# Aim of the exercise:
What is needed is an exact copy of all the entries below.

+===+

(* Let $G$ be an undirected multigraph with minimum degree at least $3$ and let $(C,F)$ be a FVC in $G$. Then $|F|\le e(C,F)$.
   Context: The degree of a vertex counts edge-endpoints, a self-loop contributing two. For disjoint $X,Y\subseteq V(G)$, $e(X,Y)$ is the number of edges with one endpoint in $X$ and the other in $Y$. A feedback vertex cut (FVC) in $G$ is a pair of disjoint sets $C,F\subseteq V(G)$ such that $G[F]$ is a forest (self-loops and parallel edges count as cycles) and every tree $T$ of $G[F]$ satisfies $e(V(T),V(G)\setminus(C\cup F))\le1$. *)

theory Defs
  imports Main
begin

text \<open>Self-loops (fst = snd) and parallel edges are allowed.\<close>

definition multigraph :: "'v set \<Rightarrow> 'e set \<Rightarrow> ('e \<Rightarrow> 'v \<times> 'v) \<Rightarrow> bool" where
  "multigraph V E ends \<longleftrightarrow> finite V \<and> finite E \<and>
     (\<forall>e\<in>E. fst (ends e) \<in> V \<and> snd (ends e) \<in> V)"

text \<open>Degree: number of edge-endpoints at v (a loop contributes two).\<close>
definition degree :: "'e set \<Rightarrow> ('e \<Rightarrow> 'v \<times> 'v) \<Rightarrow> 'v \<Rightarrow> nat" where
  "degree E ends v = card {e\<in>E. fst (ends e) = v} + card {e\<in>E. snd (ends e) = v}"
lemma not_disc_wins_while_uncertain:
  assumes "\<forall>e\<in>E. A e \<noteq> {}"
    and "\<forall>lab. labels_from E A lab \<longrightarrow> lab \<in> consistent_labelings V E Tmax \<delta> H"
    and "r * k * \<delta> < (\<Sum>e\<in>E. card (A e) - 1)"
  shows "\<not> disc_wins V E Tmax \<delta> k r H"
  using assms
proof (induction r arbitrary: H A)
  case 0
  then have "(\<Sum>e\<in>E. card (A e) - 1) \<noteq> 0"
    by simp
  then obtain e where "e \<in> E" "card (A e) - 1 \<noteq> 0"
    by (meson sum.neutral)
  then have "e \<in> E" "2 \<le> card (A e)"
    by auto
  then obtain lab lab' where "labels_from E A lab" "labels_from E A lab'" "lab \<noteq> lab'"
    using labels_from_not_unique "0.prems"(1) by metis
  then show ?case
    using "0.prems"(2) by auto
next
  case (Suc r)
  have "r * k * \<delta> \<le> Suc r * k * \<delta>"
    by simp
  then have "\<not> disc_wins V E Tmax \<delta> k r H"
    using Suc.IH[OF Suc.prems(1,2)] Suc.prems(3) by linarith
  moreover have "\<exists>L. (\<exists>lab \<in> consistent_labelings V E Tmax \<delta> H. valid_log V E Tmax \<delta> lab S L)
      \<and> \<not> disc_wins V E Tmax \<delta> k r (H @ [(S, L)])"
    if S: "S \<subseteq> V \<times> {0..Tmax}" "finite S" "card S \<le> k" for S
  proof -
    define A' where "A' = (\<lambda>e. avoid (A e) (seed_window S \<delta> e))"
    have A'_nonempty: "\<forall>e\<in>E. A' e \<noteq> {}"
      unfolding A'_def by (simp add: avoid_nonempty)
    have A'_subset: "\<forall>e\<in>E. A' e \<subseteq> A e"
      unfolding A'_def using Suc.prems(1) by (simp add: avoid_subset)
    obtain lab0 where lab0: "labels_from E A' lab0"
      using labels_from_exists[OF A'_nonempty] .
    define L where "L = matching_log E Tmax \<delta> lab0 S"
    have valid: "valid_log V E Tmax \<delta> lab S L" if "labels_from E A' lab" for lab
    proof -
      have "matching_log E Tmax \<delta> lab S = L"
        unfolding L_def using that lab0 unfolding A'_def by (rule matching_log_avoid_windows)
      then show ?thesis
        using valid_matching_log[OF S(1), of \<delta> lab] by simp
    qed
    have "\<forall>lab. labels_from E A' lab \<longrightarrow> lab \<in> consistent_labelings V E Tmax \<delta> (H @ [(S, L)])"
      using Suc.prems(2) labels_from_mono[OF A'_subset] valid unfolding consistent_labelings_def by auto
    moreover have "r * k * \<delta> < (\<Sum>e\<in>E. card (A' e) - 1)"
    proof -
      have "Suc r * k * \<delta> < (\<Sum>e\<in>E. card (A' e) - 1) + \<delta> * card S"
        using Suc.prems(3) potential_avoid_windows[OF S(2), of A \<delta>] unfolding A'_def by linarith
      moreover have "\<delta> * card S \<le> \<delta> * k"
        using S(3) by (rule mult_le_mono2)
      moreover have "Suc r * k * \<delta> = r * k * \<delta> + \<delta> * k"
        by (simp add: algebra_simps)
      ultimately show ?thesis
        by linarith
    qed
    ultimately have "\<not> disc_wins V E Tmax \<delta> k r (H @ [(S, L)])"
      using Suc.IH A'_nonempty by blast
    moreover have "lab0 \<in> consistent_labelings V E Tmax \<delta> H"
      using Suc.prems(2) labels_from_mono[OF A'_subset lab0] by blast
    ultimately show ?thesis
      using valid[OF lab0] by blast
  qed
  ultimately show ?case
    by (simp only: disc_wins.simps) blast
qed

lemma disc_rounds_lower_bound:
  assumes "disc_wins V E Tmax \<delta> k r []" "0 < Tmax"
  shows "card E * (Tmax - 1) \<le> r * k * \<delta>"
proof (rule ccontr)
  assume "\<not> ?thesis"
  then have "r * k * \<delta> < (\<Sum>e\<in>E. card {1..Tmax} - 1)"
    by simp
  moreover have "\<forall>lab. labels_from E (\<lambda>_. {1..Tmax}) lab \<longrightarrow> lab \<in> consistent_labelings V E Tmax \<delta> []"
    unfolding labels_from_def consistent_labelings_def labeling_def by auto
  ultimately show False
    using not_disc_wins_while_uncertain[of "\<lambda>_. {1..Tmax}"] assms by auto
qed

+===+

# Solution for this task:
(* Let $G$ be an undirected multigraph with minimum degree at least $3$ and let $(C,F)$ be a FVC in $G$. Then $|F|\le e(C,F)$.
   Context: The degree of a vertex counts edge-endpoints, a self-loop contributing two. For disjoint $X,Y\subseteq V(G)$, $e(X,Y)$ is the number of edges with one endpoint in $X$ and the other in $Y$. A feedback vertex cut (FVC) in $G$ is a pair of disjoint sets $C,F\subseteq V(G)$ such that $G[F]$ is a forest (self-loops and parallel edges count as cycles) and every tree $T$ of $G[F]$ satisfies $e(V(T),V(G)\setminus(C\cup F))\le1$. *)

theory Defs
  imports Main
begin

text \<open>Self-loops (fst = snd) and parallel edges are allowed.\<close>

definition multigraph :: "'v set \<Rightarrow> 'e set \<Rightarrow> ('e \<Rightarrow> 'v \<times> 'v) \<Rightarrow> bool" where
  "multigraph V E ends \<longleftrightarrow> finite V \<and> finite E \<and>
     (\<forall>e\<in>E. fst (ends e) \<in> V \<and> snd (ends e) \<in> V)"

text \<open>Degree: number of edge-endpoints at v (a loop contributes two).\<close>
definition degree :: "'e set \<Rightarrow> ('e \<Rightarrow> 'v \<times> 'v) \<Rightarrow> 'v \<Rightarrow> nat" where
  "degree E ends v = card {e\<in>E. fst (ends e) = v} + card {e\<in>E. snd (ends e) = v}"
lemma not_disc_wins_while_uncertain:
  assumes "\<forall>e\<in>E. A e \<noteq> {}"
    and "\<forall>lab. labels_from E A lab \<longrightarrow> lab \<in> consistent_labelings V E Tmax \<delta> H"
    and "r * k * \<delta> < (\<Sum>e\<in>E. card (A e) - 1)"
  shows "\<not> disc_wins V E Tmax \<delta> k r H"
  using assms
proof (induction r arbitrary: H A)
  case 0
  then have "(\<Sum>e\<in>E. card (A e) - 1) \<noteq> 0"
    by simp
  then obtain e where "e \<in> E" "card (A e) - 1 \<noteq> 0"
    by (meson sum.neutral)
  then have "e \<in> E" "2 \<le> card (A e)"
    by auto
  then obtain lab lab' where "labels_from E A lab" "labels_from E A lab'" "lab \<noteq> lab'"
    using labels_from_not_unique "0.prems"(1) by metis
  then show ?case
    using "0.prems"(2) by auto
next
  case (Suc r)
  have "r * k * \<delta> \<le> Suc r * k * \<delta>"
    by simp
  then have "\<not> disc_wins V E Tmax \<delta> k r H"
    using Suc.IH[OF Suc.prems(1,2)] Suc.prems(3) by linarith
  moreover have "\<exists>L. (\<exists>lab \<in> consistent_labelings V E Tmax \<delta> H. valid_log V E Tmax \<delta> lab S L)
      \<and> \<not> disc_wins V E Tmax \<delta> k r (H @ [(S, L)])"
    if S: "S \<subseteq> V \<times> {0..Tmax}" "finite S" "card S \<le> k" for S
  proof -
    define A' where "A' = (\<lambda>e. avoid (A e) (seed_window S \<delta> e))"
    have A'_nonempty: "\<forall>e\<in>E. A' e \<noteq> {}"
      unfolding A'_def by (simp add: avoid_nonempty)
    have A'_subset: "\<forall>e\<in>E. A' e \<subseteq> A e"
      unfolding A'_def using Suc.prems(1) by (simp add: avoid_subset)
    obtain lab0 where lab0: "labels_from E A' lab0"
      using labels_from_exists[OF A'_nonempty] .
    define L where "L = matching_log E Tmax \<delta> lab0 S"
    have valid: "valid_log V E Tmax \<delta> lab S L" if "labels_from E A' lab" for lab
    proof -
      have "matching_log E Tmax \<delta> lab S = L"
        unfolding L_def using that lab0 unfolding A'_def by (rule matching_log_avoid_windows)
      then show ?thesis
        using valid_matching_log[OF S(1), of \<delta> lab] by simp
    qed
    have "\<forall>lab. labels_from E A' lab \<longrightarrow> lab \<in> consistent_labelings V E Tmax \<delta> (H @ [(S, L)])"
      using Suc.prems(2) labels_from_mono[OF A'_subset] valid unfolding consistent_labelings_def by auto
    moreover have "r * k * \<delta> < (\<Sum>e\<in>E. card (A' e) - 1)"
    proof -
      have "Suc r * k * \<delta> < (\<Sum>e\<in>E. card (A' e) - 1) + \<delta> * card S"
        using Suc.prems(3) potential_avoid_windows[OF S(2), of A \<delta>] unfolding A'_def by linarith
      moreover have "\<delta> * card S \<le> \<delta> * k"
        using S(3) by (rule mult_le_mono2)
      moreover have "Suc r * k * \<delta> = r * k * \<delta> + \<delta> * k"
        by (simp add: algebra_simps)
      ultimately show ?thesis
        by linarith
    qed
    ultimately have "\<not> disc_wins V E Tmax \<delta> k r (H @ [(S, L)])"
      using Suc.IH A'_nonempty by blast
    moreover have "lab0 \<in> consistent_labelings V E Tmax \<delta> H"
      using Suc.prems(2) labels_from_mono[OF A'_subset lab0] by blast
    ultimately show ?thesis
      using valid[OF lab0] by blast
  qed
  ultimately show ?case
    by (simp only: disc_wins.simps) blast
qed

lemma disc_rounds_lower_bound:
  assumes "disc_wins V E Tmax \<delta> k r []" "0 < Tmax"
  shows "card E * (Tmax - 1) \<le> r * k * \<delta>"
proof (rule ccontr)
  assume "\<not> ?thesis"
  then have "r * k * \<delta> < (\<Sum>e\<in>E. card {1..Tmax} - 1)"
    by simp
  moreover have "\<forall>lab. labels_from E (\<lambda>_. {1..Tmax}) lab \<longrightarrow> lab \<in> consistent_labelings V E Tmax \<delta> []"
    unfolding labels_from_def consistent_labelings_def labeling_def by auto
  ultimately show False
    using not_disc_wins_while_uncertain[of "\<lambda>_. {1..Tmax}"] assms by auto
qed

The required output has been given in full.